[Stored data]
○ ○ ○ ○ ○ ○ ○
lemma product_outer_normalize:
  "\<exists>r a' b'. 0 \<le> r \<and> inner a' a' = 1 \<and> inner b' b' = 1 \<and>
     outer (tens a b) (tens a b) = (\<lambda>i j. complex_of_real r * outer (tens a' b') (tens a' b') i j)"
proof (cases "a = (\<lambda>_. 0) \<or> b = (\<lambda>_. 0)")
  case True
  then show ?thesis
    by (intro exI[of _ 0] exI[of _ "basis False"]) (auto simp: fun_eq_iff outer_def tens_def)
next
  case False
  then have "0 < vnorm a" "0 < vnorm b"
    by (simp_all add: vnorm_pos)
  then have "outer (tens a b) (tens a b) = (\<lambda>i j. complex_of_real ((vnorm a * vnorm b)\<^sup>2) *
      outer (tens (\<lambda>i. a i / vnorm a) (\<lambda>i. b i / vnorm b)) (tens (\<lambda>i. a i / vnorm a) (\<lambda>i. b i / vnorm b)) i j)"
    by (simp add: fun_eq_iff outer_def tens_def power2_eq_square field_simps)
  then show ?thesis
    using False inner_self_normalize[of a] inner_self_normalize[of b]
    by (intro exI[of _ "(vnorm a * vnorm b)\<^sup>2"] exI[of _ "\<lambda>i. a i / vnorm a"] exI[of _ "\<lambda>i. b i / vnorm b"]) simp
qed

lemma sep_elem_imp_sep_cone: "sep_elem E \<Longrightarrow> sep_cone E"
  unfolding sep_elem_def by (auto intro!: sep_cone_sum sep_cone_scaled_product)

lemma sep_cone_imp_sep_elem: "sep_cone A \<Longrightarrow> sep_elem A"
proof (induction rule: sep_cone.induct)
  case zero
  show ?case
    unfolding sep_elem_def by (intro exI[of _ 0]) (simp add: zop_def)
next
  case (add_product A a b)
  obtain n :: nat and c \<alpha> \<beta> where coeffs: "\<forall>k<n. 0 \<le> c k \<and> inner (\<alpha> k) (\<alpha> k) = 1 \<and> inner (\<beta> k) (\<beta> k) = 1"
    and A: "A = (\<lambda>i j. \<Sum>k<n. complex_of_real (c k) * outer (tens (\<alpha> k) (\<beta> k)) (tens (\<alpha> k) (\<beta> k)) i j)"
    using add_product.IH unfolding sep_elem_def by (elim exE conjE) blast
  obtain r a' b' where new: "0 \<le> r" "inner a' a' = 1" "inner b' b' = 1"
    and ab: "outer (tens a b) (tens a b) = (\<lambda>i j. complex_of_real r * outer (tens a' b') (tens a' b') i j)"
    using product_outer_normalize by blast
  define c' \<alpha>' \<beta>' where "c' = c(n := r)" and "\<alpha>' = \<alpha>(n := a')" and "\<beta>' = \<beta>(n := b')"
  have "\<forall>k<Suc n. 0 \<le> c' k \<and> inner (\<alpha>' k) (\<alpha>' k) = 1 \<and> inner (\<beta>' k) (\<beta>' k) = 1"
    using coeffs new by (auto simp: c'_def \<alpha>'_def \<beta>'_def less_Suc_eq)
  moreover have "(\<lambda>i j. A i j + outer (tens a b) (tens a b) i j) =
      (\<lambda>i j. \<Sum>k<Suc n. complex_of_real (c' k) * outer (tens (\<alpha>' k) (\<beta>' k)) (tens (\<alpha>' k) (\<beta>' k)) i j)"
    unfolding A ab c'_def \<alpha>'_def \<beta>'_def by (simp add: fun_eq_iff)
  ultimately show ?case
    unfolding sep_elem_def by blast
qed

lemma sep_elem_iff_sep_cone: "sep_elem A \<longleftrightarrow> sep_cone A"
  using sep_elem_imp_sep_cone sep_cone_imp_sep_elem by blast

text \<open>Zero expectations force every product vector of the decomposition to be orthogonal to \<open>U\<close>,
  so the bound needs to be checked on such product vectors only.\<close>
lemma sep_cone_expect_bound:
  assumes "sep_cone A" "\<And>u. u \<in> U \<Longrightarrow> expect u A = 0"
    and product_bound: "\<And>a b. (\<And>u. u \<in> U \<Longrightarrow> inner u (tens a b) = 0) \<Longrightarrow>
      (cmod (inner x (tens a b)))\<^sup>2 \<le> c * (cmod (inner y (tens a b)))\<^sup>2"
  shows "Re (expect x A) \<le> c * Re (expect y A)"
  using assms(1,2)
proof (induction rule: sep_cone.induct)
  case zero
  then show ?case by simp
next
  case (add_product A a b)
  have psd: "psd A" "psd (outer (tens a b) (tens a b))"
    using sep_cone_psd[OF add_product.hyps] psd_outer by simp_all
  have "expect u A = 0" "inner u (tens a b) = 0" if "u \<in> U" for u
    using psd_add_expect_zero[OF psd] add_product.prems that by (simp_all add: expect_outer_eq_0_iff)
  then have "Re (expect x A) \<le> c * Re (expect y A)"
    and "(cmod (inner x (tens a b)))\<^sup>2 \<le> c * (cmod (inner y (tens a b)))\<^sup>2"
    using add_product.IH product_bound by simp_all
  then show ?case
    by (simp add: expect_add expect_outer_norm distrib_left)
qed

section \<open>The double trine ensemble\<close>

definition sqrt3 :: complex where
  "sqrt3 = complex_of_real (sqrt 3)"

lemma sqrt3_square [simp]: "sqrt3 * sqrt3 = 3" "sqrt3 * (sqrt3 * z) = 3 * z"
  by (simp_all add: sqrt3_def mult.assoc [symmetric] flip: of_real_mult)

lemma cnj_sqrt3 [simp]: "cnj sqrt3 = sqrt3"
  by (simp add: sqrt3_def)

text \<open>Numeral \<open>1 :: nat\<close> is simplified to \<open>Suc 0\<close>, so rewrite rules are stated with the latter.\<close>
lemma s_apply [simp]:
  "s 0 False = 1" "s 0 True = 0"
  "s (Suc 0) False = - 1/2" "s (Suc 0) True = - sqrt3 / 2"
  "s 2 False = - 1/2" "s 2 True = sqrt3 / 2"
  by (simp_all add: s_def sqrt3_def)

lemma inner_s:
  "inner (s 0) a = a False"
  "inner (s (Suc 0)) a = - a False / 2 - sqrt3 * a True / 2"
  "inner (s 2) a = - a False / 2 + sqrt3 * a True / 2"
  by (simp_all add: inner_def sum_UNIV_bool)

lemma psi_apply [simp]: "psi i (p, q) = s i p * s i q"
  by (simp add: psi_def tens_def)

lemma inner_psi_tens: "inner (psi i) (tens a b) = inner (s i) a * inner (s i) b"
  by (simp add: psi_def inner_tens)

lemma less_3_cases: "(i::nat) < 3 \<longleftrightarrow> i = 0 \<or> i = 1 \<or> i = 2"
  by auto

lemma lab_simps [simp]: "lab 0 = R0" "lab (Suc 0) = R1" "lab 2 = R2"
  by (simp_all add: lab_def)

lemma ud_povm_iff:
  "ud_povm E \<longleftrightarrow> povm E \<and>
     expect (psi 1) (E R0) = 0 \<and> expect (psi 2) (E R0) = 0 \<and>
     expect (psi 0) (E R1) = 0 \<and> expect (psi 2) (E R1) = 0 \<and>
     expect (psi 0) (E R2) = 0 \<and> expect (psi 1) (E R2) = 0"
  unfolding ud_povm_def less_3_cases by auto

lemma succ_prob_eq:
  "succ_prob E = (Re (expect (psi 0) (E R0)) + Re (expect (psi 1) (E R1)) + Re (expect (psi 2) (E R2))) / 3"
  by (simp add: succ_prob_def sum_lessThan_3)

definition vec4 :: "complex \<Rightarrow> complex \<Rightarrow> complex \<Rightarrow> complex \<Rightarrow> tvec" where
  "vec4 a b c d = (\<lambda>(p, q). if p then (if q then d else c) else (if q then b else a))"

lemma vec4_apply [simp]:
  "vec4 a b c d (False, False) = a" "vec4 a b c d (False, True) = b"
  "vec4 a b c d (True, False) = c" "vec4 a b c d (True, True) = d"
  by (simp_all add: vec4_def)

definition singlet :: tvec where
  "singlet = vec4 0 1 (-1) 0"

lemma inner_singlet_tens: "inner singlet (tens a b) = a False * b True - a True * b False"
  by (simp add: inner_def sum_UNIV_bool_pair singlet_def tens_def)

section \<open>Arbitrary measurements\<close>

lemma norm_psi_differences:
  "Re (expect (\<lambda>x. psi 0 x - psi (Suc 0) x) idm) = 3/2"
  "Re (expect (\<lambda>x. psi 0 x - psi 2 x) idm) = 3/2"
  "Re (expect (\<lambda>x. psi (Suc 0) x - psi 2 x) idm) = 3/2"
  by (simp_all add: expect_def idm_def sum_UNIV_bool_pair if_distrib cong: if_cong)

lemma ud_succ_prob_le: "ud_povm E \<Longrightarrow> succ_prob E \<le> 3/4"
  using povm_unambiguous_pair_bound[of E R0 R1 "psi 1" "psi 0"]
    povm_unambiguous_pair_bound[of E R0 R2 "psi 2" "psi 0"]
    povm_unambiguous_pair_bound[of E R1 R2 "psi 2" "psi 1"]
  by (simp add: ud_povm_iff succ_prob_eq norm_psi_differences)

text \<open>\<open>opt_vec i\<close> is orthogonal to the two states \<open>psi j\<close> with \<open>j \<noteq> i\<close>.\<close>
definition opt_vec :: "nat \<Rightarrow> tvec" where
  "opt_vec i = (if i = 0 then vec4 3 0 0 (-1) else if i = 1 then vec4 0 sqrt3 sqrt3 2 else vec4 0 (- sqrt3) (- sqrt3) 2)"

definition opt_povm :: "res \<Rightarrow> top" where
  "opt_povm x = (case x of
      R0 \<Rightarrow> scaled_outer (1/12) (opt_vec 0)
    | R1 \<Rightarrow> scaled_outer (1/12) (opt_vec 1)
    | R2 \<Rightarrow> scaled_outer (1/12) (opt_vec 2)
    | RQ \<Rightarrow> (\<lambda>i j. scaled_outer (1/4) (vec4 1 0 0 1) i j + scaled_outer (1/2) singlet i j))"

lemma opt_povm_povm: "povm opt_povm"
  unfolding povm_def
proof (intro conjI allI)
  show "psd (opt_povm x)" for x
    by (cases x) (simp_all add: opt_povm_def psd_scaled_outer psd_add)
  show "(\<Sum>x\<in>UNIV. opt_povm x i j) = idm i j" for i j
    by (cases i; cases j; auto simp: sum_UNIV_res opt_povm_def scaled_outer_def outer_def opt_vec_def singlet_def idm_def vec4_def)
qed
○ ○ ○ ○ ○ ○ ○
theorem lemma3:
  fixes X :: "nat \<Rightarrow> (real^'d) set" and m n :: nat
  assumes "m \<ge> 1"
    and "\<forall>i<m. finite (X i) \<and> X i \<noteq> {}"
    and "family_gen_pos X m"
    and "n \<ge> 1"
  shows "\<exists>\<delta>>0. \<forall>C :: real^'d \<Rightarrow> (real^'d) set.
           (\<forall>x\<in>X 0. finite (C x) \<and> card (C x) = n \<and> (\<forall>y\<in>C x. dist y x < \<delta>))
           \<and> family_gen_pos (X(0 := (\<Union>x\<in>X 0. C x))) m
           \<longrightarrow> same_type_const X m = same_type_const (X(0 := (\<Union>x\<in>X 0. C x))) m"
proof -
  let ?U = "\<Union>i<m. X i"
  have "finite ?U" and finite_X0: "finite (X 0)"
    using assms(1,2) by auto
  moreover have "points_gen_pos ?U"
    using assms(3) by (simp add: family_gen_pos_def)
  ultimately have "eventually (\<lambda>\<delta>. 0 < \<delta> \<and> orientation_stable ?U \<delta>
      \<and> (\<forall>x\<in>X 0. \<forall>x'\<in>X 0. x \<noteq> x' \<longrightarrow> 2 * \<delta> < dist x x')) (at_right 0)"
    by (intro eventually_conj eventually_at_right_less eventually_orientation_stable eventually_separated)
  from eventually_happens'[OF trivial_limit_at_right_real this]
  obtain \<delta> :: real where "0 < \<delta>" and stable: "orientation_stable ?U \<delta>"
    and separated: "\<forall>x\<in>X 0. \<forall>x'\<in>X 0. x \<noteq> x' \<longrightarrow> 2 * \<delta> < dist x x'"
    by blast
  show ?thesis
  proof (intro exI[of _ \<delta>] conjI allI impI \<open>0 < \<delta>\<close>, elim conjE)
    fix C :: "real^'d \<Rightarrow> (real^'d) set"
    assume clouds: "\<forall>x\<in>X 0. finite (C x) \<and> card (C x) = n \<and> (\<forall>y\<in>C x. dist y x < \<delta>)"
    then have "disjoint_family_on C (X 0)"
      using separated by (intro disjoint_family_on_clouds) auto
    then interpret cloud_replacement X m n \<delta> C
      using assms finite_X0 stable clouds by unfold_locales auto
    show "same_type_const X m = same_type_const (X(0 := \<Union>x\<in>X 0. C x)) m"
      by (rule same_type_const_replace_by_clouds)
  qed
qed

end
○ ○ ○ ○ ○ ○ ○
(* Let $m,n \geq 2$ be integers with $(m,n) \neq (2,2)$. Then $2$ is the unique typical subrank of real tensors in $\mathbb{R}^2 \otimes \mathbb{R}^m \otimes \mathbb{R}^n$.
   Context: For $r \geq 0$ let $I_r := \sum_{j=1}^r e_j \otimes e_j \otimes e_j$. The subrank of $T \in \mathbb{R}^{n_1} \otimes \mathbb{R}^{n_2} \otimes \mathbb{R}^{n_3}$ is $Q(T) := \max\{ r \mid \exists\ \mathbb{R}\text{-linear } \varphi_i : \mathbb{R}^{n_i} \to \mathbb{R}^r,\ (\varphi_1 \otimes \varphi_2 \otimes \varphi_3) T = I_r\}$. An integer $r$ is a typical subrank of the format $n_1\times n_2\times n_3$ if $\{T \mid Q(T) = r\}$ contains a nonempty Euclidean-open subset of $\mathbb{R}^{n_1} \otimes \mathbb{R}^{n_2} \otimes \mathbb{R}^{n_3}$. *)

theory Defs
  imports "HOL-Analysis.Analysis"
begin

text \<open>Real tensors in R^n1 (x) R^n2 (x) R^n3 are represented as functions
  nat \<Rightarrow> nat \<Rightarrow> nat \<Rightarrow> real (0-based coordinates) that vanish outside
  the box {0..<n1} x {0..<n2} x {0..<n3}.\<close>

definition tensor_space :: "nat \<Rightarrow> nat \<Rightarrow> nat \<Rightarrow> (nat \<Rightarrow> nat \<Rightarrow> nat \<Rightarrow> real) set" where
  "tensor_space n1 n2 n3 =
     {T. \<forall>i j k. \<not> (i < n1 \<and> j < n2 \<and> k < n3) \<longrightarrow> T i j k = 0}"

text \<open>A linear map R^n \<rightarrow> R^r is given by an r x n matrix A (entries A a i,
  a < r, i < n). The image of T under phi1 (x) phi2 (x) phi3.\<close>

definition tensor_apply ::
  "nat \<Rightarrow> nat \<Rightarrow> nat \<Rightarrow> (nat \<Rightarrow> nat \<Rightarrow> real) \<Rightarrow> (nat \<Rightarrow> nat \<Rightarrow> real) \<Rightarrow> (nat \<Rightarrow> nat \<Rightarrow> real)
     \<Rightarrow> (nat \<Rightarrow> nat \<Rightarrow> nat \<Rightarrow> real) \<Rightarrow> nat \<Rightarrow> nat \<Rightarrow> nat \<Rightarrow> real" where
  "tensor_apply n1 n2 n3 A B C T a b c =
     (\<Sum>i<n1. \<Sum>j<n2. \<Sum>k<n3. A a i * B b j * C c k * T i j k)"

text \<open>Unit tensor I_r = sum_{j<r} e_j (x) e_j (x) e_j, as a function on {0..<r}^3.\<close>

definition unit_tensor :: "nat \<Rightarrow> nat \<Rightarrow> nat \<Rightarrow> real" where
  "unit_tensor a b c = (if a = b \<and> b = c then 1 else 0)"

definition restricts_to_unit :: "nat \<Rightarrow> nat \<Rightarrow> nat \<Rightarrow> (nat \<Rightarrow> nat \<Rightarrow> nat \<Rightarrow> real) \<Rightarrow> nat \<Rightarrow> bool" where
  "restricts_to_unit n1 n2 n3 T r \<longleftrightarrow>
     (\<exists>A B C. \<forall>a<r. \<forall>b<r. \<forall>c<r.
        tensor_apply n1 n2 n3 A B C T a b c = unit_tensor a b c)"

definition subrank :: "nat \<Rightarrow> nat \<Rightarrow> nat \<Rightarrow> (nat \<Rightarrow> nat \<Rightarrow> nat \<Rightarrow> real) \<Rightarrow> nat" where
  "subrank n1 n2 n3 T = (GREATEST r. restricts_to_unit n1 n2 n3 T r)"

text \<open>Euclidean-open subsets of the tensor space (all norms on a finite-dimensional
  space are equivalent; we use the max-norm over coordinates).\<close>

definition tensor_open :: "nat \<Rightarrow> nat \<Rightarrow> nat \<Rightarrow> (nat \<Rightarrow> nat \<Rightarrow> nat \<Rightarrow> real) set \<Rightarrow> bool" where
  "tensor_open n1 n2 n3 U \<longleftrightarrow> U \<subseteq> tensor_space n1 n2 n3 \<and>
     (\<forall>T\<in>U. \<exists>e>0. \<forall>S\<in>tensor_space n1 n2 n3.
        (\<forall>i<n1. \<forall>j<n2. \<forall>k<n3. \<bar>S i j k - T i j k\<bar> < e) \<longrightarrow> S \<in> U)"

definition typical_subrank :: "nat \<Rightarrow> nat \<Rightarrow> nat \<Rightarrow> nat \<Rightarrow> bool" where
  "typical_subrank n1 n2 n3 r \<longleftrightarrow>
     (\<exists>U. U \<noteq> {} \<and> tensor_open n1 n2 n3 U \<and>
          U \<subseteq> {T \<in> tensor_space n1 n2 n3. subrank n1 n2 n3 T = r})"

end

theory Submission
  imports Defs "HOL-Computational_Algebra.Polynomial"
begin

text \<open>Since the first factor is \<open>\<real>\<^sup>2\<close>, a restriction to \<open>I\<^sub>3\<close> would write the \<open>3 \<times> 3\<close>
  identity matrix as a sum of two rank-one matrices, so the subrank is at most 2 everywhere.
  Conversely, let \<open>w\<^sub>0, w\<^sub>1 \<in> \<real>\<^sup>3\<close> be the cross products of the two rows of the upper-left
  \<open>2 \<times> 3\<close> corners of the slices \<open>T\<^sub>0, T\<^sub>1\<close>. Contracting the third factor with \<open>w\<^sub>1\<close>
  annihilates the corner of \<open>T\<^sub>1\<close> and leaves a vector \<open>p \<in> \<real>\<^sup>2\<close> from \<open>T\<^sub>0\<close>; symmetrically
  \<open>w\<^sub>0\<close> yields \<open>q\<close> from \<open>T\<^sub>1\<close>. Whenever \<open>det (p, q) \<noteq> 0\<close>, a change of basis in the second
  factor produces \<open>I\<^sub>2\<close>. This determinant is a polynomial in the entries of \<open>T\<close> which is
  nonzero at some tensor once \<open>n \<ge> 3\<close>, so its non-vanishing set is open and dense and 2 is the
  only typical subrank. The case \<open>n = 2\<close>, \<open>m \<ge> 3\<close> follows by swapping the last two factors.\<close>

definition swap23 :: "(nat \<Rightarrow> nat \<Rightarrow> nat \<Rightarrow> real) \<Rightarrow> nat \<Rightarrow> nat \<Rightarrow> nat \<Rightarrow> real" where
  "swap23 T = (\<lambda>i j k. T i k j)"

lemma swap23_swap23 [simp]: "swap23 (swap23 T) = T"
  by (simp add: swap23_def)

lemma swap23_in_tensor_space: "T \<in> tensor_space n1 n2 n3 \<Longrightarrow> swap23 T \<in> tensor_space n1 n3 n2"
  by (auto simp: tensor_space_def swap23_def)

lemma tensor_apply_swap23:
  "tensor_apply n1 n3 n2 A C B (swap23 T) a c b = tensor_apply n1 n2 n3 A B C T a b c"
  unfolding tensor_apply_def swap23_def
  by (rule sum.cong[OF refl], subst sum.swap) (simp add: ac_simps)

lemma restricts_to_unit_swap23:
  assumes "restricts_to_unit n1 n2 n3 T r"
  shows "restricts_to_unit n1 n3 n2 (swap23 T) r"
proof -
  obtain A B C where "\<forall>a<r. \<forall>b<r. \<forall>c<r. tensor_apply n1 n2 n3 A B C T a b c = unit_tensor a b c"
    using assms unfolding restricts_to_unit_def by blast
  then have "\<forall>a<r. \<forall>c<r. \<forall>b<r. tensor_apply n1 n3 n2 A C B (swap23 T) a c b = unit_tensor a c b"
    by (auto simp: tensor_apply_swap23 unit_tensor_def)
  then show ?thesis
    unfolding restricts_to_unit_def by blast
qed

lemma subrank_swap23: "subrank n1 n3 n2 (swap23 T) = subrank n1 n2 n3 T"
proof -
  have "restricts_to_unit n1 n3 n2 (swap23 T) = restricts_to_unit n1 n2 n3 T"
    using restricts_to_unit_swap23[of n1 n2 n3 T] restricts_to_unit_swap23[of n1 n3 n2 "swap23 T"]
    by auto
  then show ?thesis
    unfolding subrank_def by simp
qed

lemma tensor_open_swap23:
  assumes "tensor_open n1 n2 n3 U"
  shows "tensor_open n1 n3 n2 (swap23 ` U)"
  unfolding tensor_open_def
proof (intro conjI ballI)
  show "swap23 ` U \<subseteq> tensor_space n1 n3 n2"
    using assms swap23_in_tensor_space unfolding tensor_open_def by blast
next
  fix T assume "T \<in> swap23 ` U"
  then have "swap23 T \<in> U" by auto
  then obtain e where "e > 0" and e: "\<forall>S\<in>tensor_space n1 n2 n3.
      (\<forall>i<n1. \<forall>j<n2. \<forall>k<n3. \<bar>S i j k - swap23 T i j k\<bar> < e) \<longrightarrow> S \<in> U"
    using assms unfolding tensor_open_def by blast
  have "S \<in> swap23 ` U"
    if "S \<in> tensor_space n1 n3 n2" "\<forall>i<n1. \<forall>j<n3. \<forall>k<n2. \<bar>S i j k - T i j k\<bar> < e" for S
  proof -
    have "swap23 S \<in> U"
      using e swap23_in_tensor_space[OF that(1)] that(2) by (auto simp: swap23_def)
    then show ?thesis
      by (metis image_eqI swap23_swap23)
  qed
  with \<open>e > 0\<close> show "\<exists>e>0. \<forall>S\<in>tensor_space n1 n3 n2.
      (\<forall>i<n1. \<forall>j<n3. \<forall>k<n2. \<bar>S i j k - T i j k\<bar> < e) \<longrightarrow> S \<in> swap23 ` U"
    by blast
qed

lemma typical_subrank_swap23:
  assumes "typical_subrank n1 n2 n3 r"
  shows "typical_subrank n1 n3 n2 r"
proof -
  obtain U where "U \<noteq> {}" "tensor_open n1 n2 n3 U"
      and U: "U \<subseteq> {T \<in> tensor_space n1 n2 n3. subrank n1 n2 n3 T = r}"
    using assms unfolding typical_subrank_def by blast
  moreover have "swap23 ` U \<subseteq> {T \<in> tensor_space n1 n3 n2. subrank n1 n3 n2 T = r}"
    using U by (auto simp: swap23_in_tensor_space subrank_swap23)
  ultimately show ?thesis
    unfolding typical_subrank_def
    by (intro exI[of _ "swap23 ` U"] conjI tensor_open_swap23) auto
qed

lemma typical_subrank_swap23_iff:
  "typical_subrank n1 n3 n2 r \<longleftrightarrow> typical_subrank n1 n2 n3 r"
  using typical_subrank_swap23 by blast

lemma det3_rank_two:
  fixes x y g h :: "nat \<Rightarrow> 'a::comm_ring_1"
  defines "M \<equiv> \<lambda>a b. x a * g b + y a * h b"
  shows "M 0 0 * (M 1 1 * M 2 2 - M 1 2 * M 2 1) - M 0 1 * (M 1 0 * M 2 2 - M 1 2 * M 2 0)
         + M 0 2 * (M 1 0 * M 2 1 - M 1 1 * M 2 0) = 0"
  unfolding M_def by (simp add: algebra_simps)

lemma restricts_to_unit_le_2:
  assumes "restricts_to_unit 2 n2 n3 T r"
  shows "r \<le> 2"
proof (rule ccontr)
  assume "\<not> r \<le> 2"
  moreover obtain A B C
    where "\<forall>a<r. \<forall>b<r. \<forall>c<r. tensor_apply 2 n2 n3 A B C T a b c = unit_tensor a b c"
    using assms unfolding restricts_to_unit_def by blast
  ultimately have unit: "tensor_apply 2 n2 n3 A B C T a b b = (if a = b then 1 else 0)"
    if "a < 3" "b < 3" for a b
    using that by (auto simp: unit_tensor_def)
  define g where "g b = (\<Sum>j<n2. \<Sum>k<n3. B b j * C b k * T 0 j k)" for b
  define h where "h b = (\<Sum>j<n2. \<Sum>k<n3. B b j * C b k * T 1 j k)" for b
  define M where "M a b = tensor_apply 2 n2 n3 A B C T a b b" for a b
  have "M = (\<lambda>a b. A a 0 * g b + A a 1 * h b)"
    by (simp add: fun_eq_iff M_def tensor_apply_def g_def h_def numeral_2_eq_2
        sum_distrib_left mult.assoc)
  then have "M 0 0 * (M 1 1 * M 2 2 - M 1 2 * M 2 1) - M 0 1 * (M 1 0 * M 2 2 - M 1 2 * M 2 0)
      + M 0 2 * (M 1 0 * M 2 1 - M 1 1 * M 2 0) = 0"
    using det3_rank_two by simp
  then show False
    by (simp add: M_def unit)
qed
○ ○ ○ ○ ○ ○ ○
§ PROMPT: Gather each line of the records holding the string "conjE".

§ WRITTEN SOLUTION:
    using add_product.IH unfolding sep_elem_def by (elim exE conjE) blast
  proof (intro exI[of _ \<delta>] conjI allI impI \<open>0 < \<delta>\<close>, elim conjE)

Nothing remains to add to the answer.